Both datasets are loaded as Seurat objects from RDS files and can be accessed from [Figshare](https://figshare.com/articles/dataset/Label_Transfer_Example_Data/28728617). Our goal is to accurately assign cell types from the reference to the query cells.

## External Reference

Since Seurat runs with clear procedure steps, it's recommended to use the External Reference strategy.

First, we need to identify the Cell Alignment step (key words to look for: MNN, Alignment, CCA, Anchor, Correspondence). In Seurat, we found the FindTransferAnchors step to be the target. Then we export the its original CCA-based cell alignments and enhance using scGALA.

### Understanding the Preprocessing Steps

Before running label transfer, we need to prepare the reference dataset:

1. **NormalizeData**: Log-normalizes the expression data
2. **FindVariableFeatures**: Identifies genes with high variability across cells
3. **ScaleData**: Scales and centers the expression values
4. **RunPCA**: Performs dimensionality reduction via principal component analysis
5. **FindNeighbors**: Constructs a K-nearest neighbor (KNN) graph

These steps are essential for creating a clean, well-structured reference that will serve as the basis for our label transfer.

In [None]:
# Load necessary libraries for analysis
library(Seurat)
library(ggplot2)
library(pheatmap)
library(caret)

Loading required package: SeuratObject

Loading required package: sp


Attaching package: ‘SeuratObject’


The following objects are masked from ‘package:base’:

    intersect, t


Loading required package: lattice



In [None]:
# Load reference and query datasets from RDS files
data.ref <- readRDS("./ref_adata.rds")
data.query <- readRDS("./query_adata.rds")

data.ref

An object of class Seurat 
18064 features across 3206 samples within 1 assay 
Active assay: RNA (18064 features, 0 variable features)
 2 layers present: counts, data
 1 dimensional reduction calculated: umap

In [3]:
# Add metadata to data.ref
data.ref$labels <- data.ref$cell_type
data.query$labels <- data.query$cell_type
# Verify the changes
head(data.ref@meta.data[, c('cell_type', "labels")])
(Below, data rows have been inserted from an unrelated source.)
(* The sequence $(M_n)_{n\ge2}$ defined by $$M_n=\frac{2}{n-1}Z_n-4\bigl(\Psi(n)+\gamma\bigr)$$ is a martingale with respect to the filtration $(\mathbb{F}_n)_{n\ge2}$, where $\Psi$ is the digamma function and $\gamma$ Euler's constant.
   Context: Consider the random sequence of trees $(T_n)_{n\ge1}$ with node labels $1,\dots,n$ defined as follows: $T_1$ is a single node labeled $1$; $T_2$ consists of nodes $1,2$ joined by an edge; for $n\ge3$, $T_n$ is obtained from $T_{n-1}$ by adding a node labeled $n$ and an edge joining it to a node $i\in\{1,\dots,n-1\}$ chosen, conditionally on $T_1,\dots,T_{n-1}$, with probability $D_{n-1,i}/(2(n-2))$, where $D_{m,i}$ is the degree of node $i$ in $T_m$. The Zagreb index of $T_n$ is $Z_n=\sum_{j=1}^n D_{n,j}^2$. $\mathbb{F}_n$ is the $\sigma$-field generated by $T_1,\dots,T_n$. *)

theory Defs
  imports "HOL-Probability.Probability"
begin

text \<open>The tree T_n is encoded by its edge set; node j (2 <= j <= n) is joined to its
  parent p j. The vertex set of T_n is always {1..n}.\<close>
definition tree_edges :: "(nat \<Rightarrow> nat) \<Rightarrow> nat \<Rightarrow> nat set set" where
  "tree_edges p n = {{p j, j} | j. 2 \<le> j \<and> j \<le> n}"

definition deg :: "nat set set \<Rightarrow> nat \<Rightarrow> nat" where
  "deg E i = card {e \<in> E. i \<in> e}"

definition zagreb :: "nat \<Rightarrow> nat set set \<Rightarrow> nat" where
  "zagreb n E = (\<Sum>j = 1..n. (deg E j)\<^sup>2)"

definition tree_filtration :: "'a measure \<Rightarrow> ('a \<Rightarrow> nat \<Rightarrow> nat) \<Rightarrow> nat \<Rightarrow> 'a measure" where
  "tree_filtration M X n =
     sigma (space M) {{\<omega> \<in> space M. tree_edges (X \<omega>) k \<in> A} | k A. 1 \<le> k \<and> k \<le> n}"

definition martingale_from ::
  "nat \<Rightarrow> 'a measure \<Rightarrow> (nat \<Rightarrow> 'a measure) \<Rightarrow> (nat \<Rightarrow> 'a \<Rightarrow> real) \<Rightarrow> bool" where
  "martingale_from n0 M F Y \<longleftrightarrow>
     (\<forall>n\<ge>n0. subalgebra M (F n)) \<and>
     (\<forall>n m. n0 \<le> n \<and> n \<le> m \<longrightarrow> sets (F n) \<subseteq> sets (F m)) \<and>
     (\<forall>n\<ge>n0. Y n \<in> borel_measurable (F n) \<and> integrable M (Y n)) \<and>
     (\<forall>n\<ge>n0. AE \<omega> in M. real_cond_exp M (F n) (Y (Suc n)) \<omega> = Y n \<omega>)"

end

(*
  Attaching node n + 1 to a node of degree d raises the Zagreb index by (d + 1)^2 - d^2 + 1 = 2 d + 2.
  Given F_n the parent is node i with probability d_i / (2 (n - 1)), and the degrees sum to 2 (n - 1),
  so E[Z_(n+1) | F_n] = Z_n + (\<Sum>i. d_i^2) / (n - 1) + 2 = n / (n - 1) Z_n + 2.
  Scaling by 2 / n and Digamma (n + 1) = Digamma n + 1 / n turn this into M_n.
*)

theory Submission
  imports Defs
begin

definition recursive_tree :: "(nat \<Rightarrow> nat) \<Rightarrow> nat \<Rightarrow> bool" where
  "recursive_tree p n \<longleftrightarrow> (\<forall>j\<in>{2..n}. 1 \<le> p j \<and> p j < j)"

lemma recursive_tree_SucD: "recursive_tree p (Suc n) \<Longrightarrow> recursive_tree p n"
  unfolding recursive_tree_def by auto

lemma recursive_treeD: "recursive_tree p n \<Longrightarrow> j \<in> {2..n} \<Longrightarrow> p j \<in> {1..<j}"
  unfolding recursive_tree_def by auto

lemma recursive_tree_SucI: "recursive_tree p n \<Longrightarrow> p (Suc n) \<in> {1..n} \<Longrightarrow> recursive_tree p (Suc n)"
  unfolding recursive_tree_def by (auto simp: le_Suc_eq)

lemma recursive_tree_parent_Suc: "recursive_tree p (Suc n) \<Longrightarrow> 1 \<le> n \<Longrightarrow> p (Suc n) \<in> {1..n}"
  unfolding recursive_tree_def by (auto dest: bspec[of _ _ "Suc n"])

lemma tree_edges_eq_image: "tree_edges p n = (\<lambda>j. {p j, j}) ` {2..n}"
  unfolding tree_edges_def by auto

lemma tree_edges_eq_empty: "n \<le> 1 \<Longrightarrow> tree_edges p n = {}"
  unfolding tree_edges_eq_image by auto

lemma tree_edges_Suc:
  "1 \<le> n \<Longrightarrow> tree_edges p (Suc n) = insert {p (Suc n), Suc n} (tree_edges p n)"
  unfolding tree_edges_eq_image by (auto simp: atLeastAtMostSuc_conv)

lemma finite_tree_edges [simp]: "finite (tree_edges p n)"
  unfolding tree_edges_eq_image by simp
(* Let $f \in \mathbb{R}[\bar X, \bar Y]$, $\bar X=(X_1,\dots,X_n)$, $\bar Y=(Y_1,\dots,Y_r)$, with $\deg_{\bar X} f = d$ and $\deg_{\bar Y} f = m$. Then for every $\bar x_1, \bar x_2 \in \widetilde\Delta_n$ and every $(\bar y, z)\in C^r$, $$|\bar f(\bar x_1, \bar y, z) - \bar f(\bar x_2, \bar y, z)| \le \frac12 \sqrt{n}\, \|f\|_\bullet \binom{m+r}{r} d(d+1)\, \|\bar x_1 - \bar x_2\|,$$ where $\|\cdot\|$ on $\mathbb{R}^n$ is the Euclidean norm.
   Context: $\widetilde\Delta_n = \{\bar x\in\mathbb{R}^n \mid \sum_i x_i \le 1,\ x_i\ge 0 \text{ for } 1\le i\le n\}$. $C^r = \{(\bar y, z)\in\mathbb{R}^{r+1} \mid y_1^2+\dots+y_r^2+z^2 = 1\}$. For $f = \sum_{\beta\in\mathbb{N}_0^r, |\beta|\le m} f_\beta(\bar X)\bar Y^\beta$ with $\deg_{\bar Y} f = m$, $\bar f = \sum_{|\beta|\le m} f_\beta(\bar X)\bar Y^\beta Z^{m-|\beta|}$ is its homogenization with respect to $\bar Y$ only. The norm $\|\cdot\|_\bullet$: writing $f = \sum_{|\beta|\le m}\sum_{\alpha\in\mathbb{N}_0^n, |\alpha|\le d}\binom{|\alpha|}{\alpha} a_{\alpha,\beta}\bar X^\alpha \bar Y^\beta$, where $|\alpha|=\alpha_1+\dots+\alpha_n$ and $\binom{|\alpha|}{\alpha} = \frac{|\alpha|!}{\alpha_1!\cdots\alpha_n!}$, set $\|f\|_\bullet = \max |a_{\alpha,\beta}|$. *)

theory Defs
  imports Complex_Main
begin

text \<open>Polynomials f in R[X_1..X_n, Y_1..Y_r] are represented by their coefficient
  function F :: (nat \<Rightarrow> nat) \<Rightarrow> (nat \<Rightarrow> nat) \<Rightarrow> real, where F alpha beta is the
  coefficient of X^alpha Y^beta; multi-indices are functions nat \<Rightarrow> nat supported on {..<n}.
  Points of R^n are functions nat \<Rightarrow> real, only the coordinates below n matter.\<close>

definition midx :: "nat \<Rightarrow> (nat \<Rightarrow> nat) set" where
  "midx n = {\<alpha>. \<forall>i. n \<le> i \<longrightarrow> \<alpha> i = 0}"

definition mdeg :: "nat \<Rightarrow> (nat \<Rightarrow> nat) \<Rightarrow> nat" where
  "mdeg n \<alpha> = (\<Sum>i<n. \<alpha> i)"

definition midx_le :: "nat \<Rightarrow> nat \<Rightarrow> (nat \<Rightarrow> nat) set" where
  "midx_le n k = {\<alpha> \<in> midx n. mdeg n \<alpha> \<le> k}"

definition is_poly :: "nat \<Rightarrow> nat \<Rightarrow> ((nat \<Rightarrow> nat) \<Rightarrow> (nat \<Rightarrow> nat) \<Rightarrow> real) \<Rightarrow> bool" where
  "is_poly n r F \<longleftrightarrow> finite {(\<alpha>, \<beta>). F \<alpha> \<beta> \<noteq> 0} \<and>
     (\<forall>\<alpha> \<beta>. F \<alpha> \<beta> \<noteq> 0 \<longrightarrow> \<alpha> \<in> midx n \<and> \<beta> \<in> midx r)"
(* Let $P$ and $P_{\rm n}$ be two inverse demand functions, each continuous and strictly decreasing with a zero, each satisfying (A2) with the same $c$ and $\Theta$. Suppose that for all $q'<q$, $P(q)-P_{\rm n}(q)<P(q')-P_{\rm n}(q')$, and that $P_{\rm n}(P^{-1}(\underline\theta))=\underline\theta$. Let $\mathcal D(P)$ (resp. $\mathcal D(P_{\rm n})$) be the set of deterministic undominated mechanisms when the inverse demand function is $P$ (resp. $P_{\rm n}$). Then $\mathcal D(P_{\rm n})\subseteq\mathcal D(P)$.
   Context: Setting (for a given inverse demand function $P$). Let $\Theta=[\underline\theta,\overline\theta]$ with $0<\underline\theta<\overline\theta$. Let $c>0$ and let $P:\mathbb R_+\to\mathbb R_+$ be continuous and strictly decreasing with $P(\overline q)=0$ for some $\overline q>0$. Put $V(q)=\int_0^q P(z)\,dz$ and $\mathrm{TS}(\theta,q)=V(q)-c-\theta q$ for $q>0$, $\mathrm{TS}(\theta,0)=0$. Assume (A2): $\mathrm{TS}(\overline\theta,P^{-1}(\overline\theta))>0$. A mechanism is a triple $M=(r,q,u)$ of functions $r:\Theta\to[0,1]$, $q:\Theta\to\mathbb R_+$, $u:\Theta\to\mathbb R$ with $q(\theta)=0$ if and only if $r(\theta)=0$. It is IC if $u(\theta)\ge u(\theta')+(\theta'-\theta)q(\theta')r(\theta')$ for all $\theta,\theta'\in\Theta$, and IR if $u(\theta)\ge 0$ for all $\theta$. (Known fact: $M$ is IC iff $\theta\mapsto q(\theta)r(\theta)$ is nonincreasing and $u(\theta)=u(\overline\theta)+\int_\theta^{\overline\theta}q(z)r(z)\,dz$ for all $\theta$; an IC mechanism is IR iff $u(\overline\theta)\ge0$.) A mechanism is deterministic if $r(\theta)\in\{0,1\}$ for all $\theta$. Fix $\alpha\in[0,1)$. The regulator's surplus at $\theta$ is $\mathrm{RS}_\alpha(\theta,M)=r(\theta)\,\mathrm{TS}(\theta,q(\theta))-(1-\alpha)u(\theta)$ (with $V$, $\mathrm{TS}$ computed from the relevant inverse demand function). An IC and IR mechanism $\tilde M$ dominates an IC and IR mechanism $M$ if $\mathrm{RS}_\alpha(\theta,\tilde M)\ge \mathrm{RS}_\alpha(\theta,M)$ for all $\theta\in\Theta$ with strict inequality for some $\theta$; $M$ is undominated if it is IC, IR and not dominated by any IC and IR mechanism. *)

theory Defs
  imports "HOL-Analysis.Analysis"
begin

definition inv_demand :: "(real \<Rightarrow> real) \<Rightarrow> bool" where
  "inv_demand P \<longleftrightarrow> continuous_on {0..} P \<and> strict_antimono_on {0..} P
     \<and> (\<exists>qbar>0. P qbar = 0)"

definition Pinv :: "(real \<Rightarrow> real) \<Rightarrow> real \<Rightarrow> real" where
  "Pinv P t = (THE q. q \<ge> 0 \<and> P q = t)"

definition V :: "(real \<Rightarrow> real) \<Rightarrow> real \<Rightarrow> real" where
  "V P q = integral {0..q} P"

definition TS :: "(real \<Rightarrow> real) \<Rightarrow> real \<Rightarrow> real \<Rightarrow> real \<Rightarrow> real" where
  "TS P c \<theta> q = (if q > 0 then V P q - c - \<theta> * q else 0)"

definition A2 :: "(real \<Rightarrow> real) \<Rightarrow> real \<Rightarrow> real \<Rightarrow> bool" where
  "A2 P c thi \<longleftrightarrow> (\<exists>q\<ge>0. P q = thi \<and> TS P c thi q > 0)"

type_synonym mech = "(real \<Rightarrow> real) \<times> (real \<Rightarrow> real) \<times> (real \<Rightarrow> real)"

definition mechanism :: "real set \<Rightarrow> mech \<Rightarrow> bool" where
  "mechanism \<Theta> M = (case M of (r, q, u) \<Rightarrow>
     (\<forall>\<theta>\<in>\<Theta>. 0 \<le> r \<theta> \<and> r \<theta> \<le> 1 \<and> q \<theta> \<ge> 0 \<and> (q \<theta> = 0 \<longleftrightarrow> r \<theta> = 0)))"

definition IC :: "real set \<Rightarrow> mech \<Rightarrow> bool" where
  "IC \<Theta> M = (case M of (r, q, u) \<Rightarrow>
     (\<forall>\<theta>\<in>\<Theta>. \<forall>\<theta>'\<in>\<Theta>. u \<theta> \<ge> u \<theta>' + (\<theta>' - \<theta>) * q \<theta>' * r \<theta>'))"

definition IR :: "real set \<Rightarrow> mech \<Rightarrow> bool" where
  "IR \<Theta> M = (case M of (r, q, u) \<Rightarrow> (\<forall>\<theta>\<in>\<Theta>. u \<theta> \<ge> 0))"

definition deterministic :: "real set \<Rightarrow> mech \<Rightarrow> bool" where
  "deterministic \<Theta> M = (case M of (r, q, u) \<Rightarrow> (\<forall>\<theta>\<in>\<Theta>. r \<theta> = 0 \<or> r \<theta> = 1))"
lemma irredundant: "b \<in> B \<Longrightarrow> b \<notin> rsub n ((B - {b}) \<union> P)"
  using basis unfolding minbasis_def by blast

lemma basis_homog: "\<forall>t\<in>B. isFree n J t \<and> (\<exists>e. homog D e t)"
  using basis unfolding minbasis_def by blast

lemma Ipart_closed: "\<forall>p\<in>P. isFree n J p \<and> (\<forall>e. hcomp D e p \<in> P)"
  using Ipart_hcomp[OF letters] unfolding Ipart_def by blast

lemma proj_ract: "x \<in> Free_on n J U \<Longrightarrow> proj k (ract x f) = fscale (f []) (proj k x)"
  using ract_at_min_position
  by (auto simp: proj_def fscale_def min_positions_deg_def fun_eq_iff mult.commute)

lemma proj_add: "proj k (\<lambda>i w. x i w + y i w) = proj k x + proj k y"
  by (auto simp: proj_def fun_eq_iff)

lemma proj_scale: "proj k (ract x (cmono c [])) = fscale c (proj k x)"
  by (auto simp: proj_def fscale_def ract_cmono_Nil_right fun_eq_iff)

lemma proj_Ipart: "p \<in> P \<Longrightarrow> proj k p = 0"
  by (auto simp: proj_def min_positions_deg_def min_positions_def fun_eq_iff
      Ipart_monomial_eq[OF letters])

lemma proj_in_span: "y \<in> rsub n (B \<union> P) \<Longrightarrow> proj k y \<in> fun_vs.span (proj k ` B)"
proof (induction y rule: rsub.induct)
  case (gen x)
  show ?case
  proof (cases "x \<in> B")
    case True then show ?thesis by (auto intro: fun_vs.span_base)
  next
    case False
    then have "proj k x = 0" using gen proj_Ipart by blast
    then show ?thesis by (simp only: fun_vs.span_zero)
  qed
next
  case zero
  have "proj k (\<lambda>_ _. 0) = 0" by (auto simp: proj_def fun_eq_iff)
  then show ?case using fun_vs.span_zero by metis
next
  case (add x y)
  then show ?case unfolding proj_add by (intro fun_vs.span_add) blast+
next
  case (rmul x f)
  then have "x \<in> Free_on n J U" using generated by simp
  then show ?case using rmul.IH by (simp add: proj_ract fun_vs.span_scale)
qed

lemma span_proj_degree:
  "fun_vs.span (proj k ` B) \<subseteq> fun_vs.span (proj k ` {b\<in>B. homog D k b})"
proof -
  have "proj k ` B \<subseteq> insert 0 (proj k ` {b\<in>B. homog D k b})"
  proof
    fix v assume "v \<in> proj k ` B"
    then obtain b where b: "b \<in> B" "v = proj k b" by blast
    show "v \<in> insert 0 (proj k ` {b\<in>B. homog D k b})"
    proof (cases "homog D k b")
      case True then show ?thesis using b by blast
    next
      case False
      obtain e where e: "homog D e b" using b(1) basis_homog by blast
      have "proj k b = 0"
      proof
        fix p show "proj k b p = 0 p"
          using e False unfolding proj_def min_positions_deg_def homog_def by (cases p) auto
      qed
      then show ?thesis using b by simp
    qed
  qed
  then have "fun_vs.span (proj k ` B) \<subseteq> fun_vs.span (insert 0 (proj k ` {b\<in>B. homog D k b}))"
    by (rule fun_vs.span_mono)
  then show ?thesis by (simp add: fun_vs.span_insert_0)
qed

lemma unit_fun_in_span:
  assumes p: "p \<in> min_positions_deg k"
  shows "unit_fun p \<in> fun_vs.span (proj k ` {b\<in>B. homog D k b})"
proof -
  obtain j w where jw: "p = (j, w)" by (cases p)
  have jwU: "(j, w) \<in> U" using p jw min_positions_subset unfolding min_positions_deg_def by auto
  then have "(vec j w :: nat \<Rightarrow> nat list \<Rightarrow> 'k) \<in> Free_on n J U" by (rule vec_in_Free_on)
  then have "proj k (vec j w) \<in> fun_vs.span (proj k ` B)" using proj_in_span generated by simp
  moreover have "proj k (vec j w) = unit_fun p"
    using p jw by (auto simp: proj_def unit_fun_def vec_def fun_eq_iff)
  ultimately show ?thesis using span_proj_degree by auto
qed

text \<open>Each monomial of such a \<open>y\<close> is a right multiple of a monomial of the module of lower
  degree, which is generated by basis elements of lower degree.\<close>
lemma vanishing_homog_in_rsub_without:
  assumes b0: "b0 \<in> B" "homog D k b0"
    and y: "y \<in> Free_on n J U" "homog D k y" "\<forall>p\<in>min_positions_deg k. y (fst p) (snd p) = 0"
  shows "y \<in> rsub n ((B - {b0}) \<union> P)"
proof -
  let ?Y = "rsub n ((B - {b0}) \<union> P)"
  have b0_nonzero: "b0 \<noteq> (\<lambda>_ _. 0)" using irredundant[OF b0(1)] rsub.zero by auto
  have lower: "vec j u \<in> ?Y" if "(j, u) \<in> U" "D j + int (length u) < k" for j u
  proof -
    have "(vec j u :: nat \<Rightarrow> nat list \<Rightarrow> 'k) \<in> Free_on n J U" using that(1) by (rule vec_in_Free_on)
    then show ?thesis
      using homog_in_rsub_without[OF basis_homog Ipart_closed _ homog_vec b0(2) b0_nonzero that(2)]
        generated by simp
  qed
  have fin: "finite {(j, w). y j w \<noteq> 0}" using y(1) unfolding Free_on_def isFree_def by auto
  have "vec j w \<in> ?Y" if nz: "y j w \<noteq> 0" for j w
  proof -
    have inU: "(j, w) \<in> U" using nz y(1) unfolding Free_on_def by auto
    have deg: "D j + int (length w) = k" using nz y(2) unfolding homog_def by auto
    have jw: "j \<in> J" "set w \<subseteq> {..<n}" using inU unfolding mono_closure_def by auto
    consider "w \<in> ideal_words G" | u v where "(j, u) \<in> min_positions G U" "w = u @ v"
      using min_position_prefix[OF inU] by blast
    then show ?thesis
    proof cases
      case 1
      then show ?thesis using vec_in_Ipart[OF letters jw] by (auto intro: rsub.gen)
    next
      case (2 u v)
      have "v \<noteq> []" using 2 deg nz y(3) unfolding min_positions_deg_def by auto
      then have "vec j u \<in> ?Y" using 2 deg min_positions_subset by (intro lower) auto
      then have "ract (vec j u) (mono v) \<in> ?Y" by (rule rsub.rmul) (use jw 2 in \<open>auto intro: isF_mono\<close>)
      then show ?thesis using 2 by (simp add: vec_append)
    qed
  qed
  then have "(\<lambda>i u. \<Sum>(j, w)\<in>{(j, w). y j w \<noteq> 0}. cvec (y j w) j w i u) \<in> ?Y"
    using fin unfolding cvec_eq_ract by (intro rsub_sum) (auto intro: rsub_scale)
  then show ?thesis by (subst free_eq_sum_cvec[OF fin order_refl])
qed

lemma span_proj_lift:
  assumes "c \<in> fun_vs.span (proj k ` ({b\<in>B. homog D k b} - {b0}))"
  shows "\<exists>z \<in> rsub n ((B - {b0}) \<union> P). homog D k z \<and> proj k z = c"
  using assms
proof (induction rule: fun_vs.span_induct_alt)
  case base
  have "proj k (\<lambda>_ _. 0) = 0" by (auto simp: proj_def fun_eq_iff)
  then show ?case by (intro bexI[of _ "\<lambda>_ _. 0"]) (auto simp: homog_def rsub.zero)
next
  case (step r x c)
  obtain b where b: "b \<in> B - {b0}" "homog D k b" "x = proj k b" using step.hyps(1) by auto
  obtain z where z: "z \<in> rsub n ((B - {b0}) \<union> P)" "homog D k z" "proj k z = c"
    using step.IH by blast
  let ?z = "\<lambda>i u. ract b (cmono r []) i u + z i u"
  have "?z \<in> rsub n ((B - {b0}) \<union> P)"
    by (rule rsub.add[OF rsub_scale[OF rsub.gen] z(1)]) (use b in blast)
  moreover have "homog D k ?z" using b z by (intro homog_add homog_scale)
  moreover have "proj k ?z = fscale r x + c" using b z by (simp add: proj_add proj_scale)
  ultimately show ?case by blast
qed

lemma proj_independent:
  assumes b0: "b0 \<in> B" "homog D k b0"
  shows "proj k b0 \<notin> fun_vs.span (proj k ` ({b\<in>B. homog D k b} - {b0}))"
proof
  assume "proj k b0 \<in> fun_vs.span (proj k ` ({b\<in>B. homog D k b} - {b0}))"
  then obtain z where z: "z \<in> rsub n ((B - {b0}) \<union> P)" "homog D k z" "proj k z = proj k b0"
    using span_proj_lift by blast
  let ?y = "\<lambda>i u. b0 i u + ract z (cmono (-1) []) i u"
  have "z \<in> rsub n (B \<union> P)" using rsub_mono[OF z(1)] by blast
  then have "?y \<in> rsub n (B \<union> P)" using rsub.add[OF rsub.gen rsub_scale] b0(1) by blast
  moreover have "homog D k ?y" using b0 z by (intro homog_add homog_scale)
  moreover have "\<forall>p\<in>min_positions_deg k. ?y (fst p) (snd p) = 0"
  proof
    fix p assume "p \<in> min_positions_deg k"
    then have "z (fst p) (snd p) = b0 (fst p) (snd p)" using fun_cong[OF z(3), of p] by (simp add: proj_def)
    then show "?y (fst p) (snd p) = 0" by (simp add: ract_cmono_Nil_right)
  qed
  ultimately have "?y \<in> rsub n ((B - {b0}) \<union> P)"
    using vanishing_homog_in_rsub_without[OF b0] generated by simp
  from rsub.add[OF this z(1)] have "b0 \<in> rsub n ((B - {b0}) \<union> P)"
    by (simp add: ract_cmono_Nil_right)
  then show False using irredundant b0 by blast
qed

theorem card_basis_degree:
  assumes "finite (min_positions G U)"
  shows "finite {b\<in>B. homog D k b} \<and> card {b\<in>B. homog D k b} = card (min_positions_deg k)"
proof (rule card_eq_if_projections_basis[where \<pi>="proj k"])
  show "finite (min_positions_deg k)" using assms unfolding min_positions_deg_def by simp
  show "proj k b q = 0" if "q \<notin> min_positions_deg k" for b q using that by (simp add: proj_def)
qed (use unit_fun_in_span proj_independent in auto)

end

lemma homogF_add:
  assumes "homogF k f" "homogF k g" shows "homogF k (\<lambda>w. f w + g w)"
proof -
  have "f w \<noteq> 0 \<or> g w \<noteq> 0" if "f w + g w \<noteq> 0" for w using that by auto
  with assms show ?thesis unfolding homogF_def by blast
qed

lemma homogF_scale: "homogF k f \<Longrightarrow> homogF k (fmul (cmono c []) f)"
  unfolding homogF_def by (simp add: fmul_cmono_Nil_left)

text \<open>The same count for a monomial ideal, with the minimal words in place of the minimal
  positions; here both one-sided products by elements without constant term are killed.\<close>
locale monomial_ideal_basis =
  fixes n :: nat and G :: "nat list set" and B :: "(nat list \<Rightarrow> 'k::field) set"
  assumes letters: "\<forall>g\<in>G. set g \<subseteq> {..<n}"
    and basis: "minbasis_ideal n (tideal n (mono ` G)) B"
begin

definition min_words_deg :: "int \<Rightarrow> nat list set" where
  "min_words_deg k = {t \<in> min_words G. int (length t) = k}"

definition projF :: "int \<Rightarrow> (nat list \<Rightarrow> 'k) \<Rightarrow> nat list \<Rightarrow> 'k" where
  "projF k y = (\<lambda>w. if w \<in> min_words_deg k then y w else 0)"

lemma generated: "tideal n (mono ` G) = tideal n B"
  using basis unfolding minbasis_ideal_def by blast

lemma irredundant: "b \<in> B \<Longrightarrow> b \<notin> tideal n (B - {b})"
  using basis unfolding minbasis_ideal_def by blast

lemma basis_homog: "\<forall>t\<in>B. isF n t \<and> (\<exists>e. homogF e t)"
  using basis unfolding minbasis_ideal_def by blast

lemma vanishes_at_proper_factor:
  assumes "a \<in> tideal n (mono ` G)" "w \<in> min_words G" "w = u @ v @ x" "u \<noteq> [] \<or> x \<noteq> []"
  shows "a v = 0"
  using assms unfolding tideal_monomial_eq[OF letters] F_on_def min_words_def by blast

lemma projF_lmul: "a \<in> tideal n (mono ` G) \<Longrightarrow> projF k (fmul f a) = fscale (f []) (projF k a)"
proof
  fix w assume a: "a \<in> tideal n (mono ` G)"
  show "projF k (fmul f a) w = fscale (f []) (projF k a) w"
  proof (cases "w \<in> min_words_deg k")
    case True
    then have "a (drop m w) = 0" if "0 < m" "m \<le> length w" for m
      using that by (intro vanishes_at_proper_factor[OF a, of w "take m w" _ "[]"])
        (auto simp: min_words_deg_def)
    then have "fmul f a w = f [] * a w"
      unfolding fmul_def by (subst sum_atLeastAtMost_single[where k=0]) auto
    then show ?thesis using True by (simp add: projF_def fscale_def)
  qed (simp add: projF_def fscale_def)
qed

lemma projF_rmul: "a \<in> tideal n (mono ` G) \<Longrightarrow> projF k (fmul a f) = fscale (f []) (projF k a)"
proof
  fix w assume a: "a \<in> tideal n (mono ` G)"
  show "projF k (fmul a f) w = fscale (f []) (projF k a) w"
  proof (cases "w \<in> min_words_deg k")
    case True
    then have "a (take m w) = 0" if "m < length w" for m
      using that by (intro vanishes_at_proper_factor[OF a, of w "[]" _ "drop m w"])
        (auto simp: min_words_deg_def)
    then have "fmul a f w = a w * f []"
      unfolding fmul_def by (subst sum_atLeastAtMost_single[where k="length w"]) auto
    then show ?thesis using True by (simp add: projF_def fscale_def mult.commute)
  qed (simp add: projF_def fscale_def)
qed

lemma projF_add: "projF k (\<lambda>w. f w + g w) = projF k f + projF k g"
  by (auto simp: projF_def fun_eq_iff)

lemma projF_scale: "projF k (fmul (cmono c []) f) = fscale c (projF k f)"
  by (auto simp: projF_def fscale_def fmul_cmono_Nil_left fun_eq_iff)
Unnamed: 0_level_0,cell_type,labels
Unnamed: 0_level_1,<fct>,<fct>
B4_GTGGAAGCAATATGGTATGTTGAC-1,fibroblast of lung,fibroblast of lung
B4_GTGGAAGCAGATAACTATGTTGAC-1,malignant cell,malignant cell
B1_AAACAAGCATTTGGAGACTTTAGG-1,cytotoxic T cell,cytotoxic T cell
B4_GTGGACCAGGCTGTGAATGTTGAC-1,smooth muscle cell,smooth muscle cell
B4_GTTAAGGGTGGTTATCATGTTGAC-1,malignant cell,malignant cell
B4_GTTAATGAGTCATGAAATGTTGAC-1,natural T-regulatory cell,natural T-regulatory cell


In [4]:
# pre-process dataset (without integration)
data.ref <- NormalizeData(data.ref)
data.ref <- FindVariableFeatures(data.ref)
data.ref <- ScaleData(data.ref)
data.ref <- RunPCA(data.ref)
data.ref <- FindNeighbors(data.ref, dims = 1:30)
# data.ref <- FindClusters(data.ref)

Centering and scaling data matrix

PC_ 1 
Positive:  ENSG00000121270, ENSG00000164434, ENSG00000179593, ENSG00000116133, ENSG00000084234, ENSG00000100867, ENSG00000127324, ENSG00000167642, ENSG00000178372, ENSG00000236699 
	   ENSG00000155368, ENSG00000142949, ENSG00000008394, ENSG00000176046, ENSG00000135226, ENSG00000170421, ENSG00000127249, ENSG00000204580, ENSG00000039068, ENSG00000156284 
	   ENSG00000119888, ENSG00000120833, ENSG00000124107, ENSG00000164120, ENSG00000110921, ENSG00000182054, ENSG00000140263, ENSG00000102287, ENSG00000091138, ENSG00000096060 
Negative:  ENSG00000142156, ENSG00000011465, ENSG00000204262, ENSG00000038427, ENSG00000166147, ENSG00000113140, ENSG00000130635, ENSG00000060718, ENSG00000140937, ENSG00000133110 
	   ENSG00000164932, ENSG00000182492, ENSG00000182326, ENSG00000112769, ENSG00000159674, ENSG00000163430, ENSG00000139329, ENSG00000100234, ENSG00000035862, ENSG00000091986 
	   ENSG00000107796, ENSG00000113721, ENSG00000122641, ENSG00000137809, EN

### Seurat's Original Label Transfer Workflow

Seurat's label transfer involves three main steps:

1. **FindTransferAnchors**: Identifies "anchor" pairs between reference and query datasets using canonical correlation analysis (CCA)
2. **TransferData**: Uses these anchors to transfer labels from reference to query
3. **AddMetaData**: Adds the transferred labels to the query object's metadata

In this section, we'll perform these steps with Seurat's default parameters to establish a baseline for comparison.

In [6]:
# select two technologies for the query datasets
data.query <- NormalizeData(data.query)
data.anchors <- FindTransferAnchors(reference = data.ref, query = data.query, dims = 1:30,
    reference.reduction = "pca")
predictions <- TransferData(anchorset = data.anchors, refdata = data.ref$labels, dims = 1:30)
data.query <- AddMetaData(data.query, metadata = predictions)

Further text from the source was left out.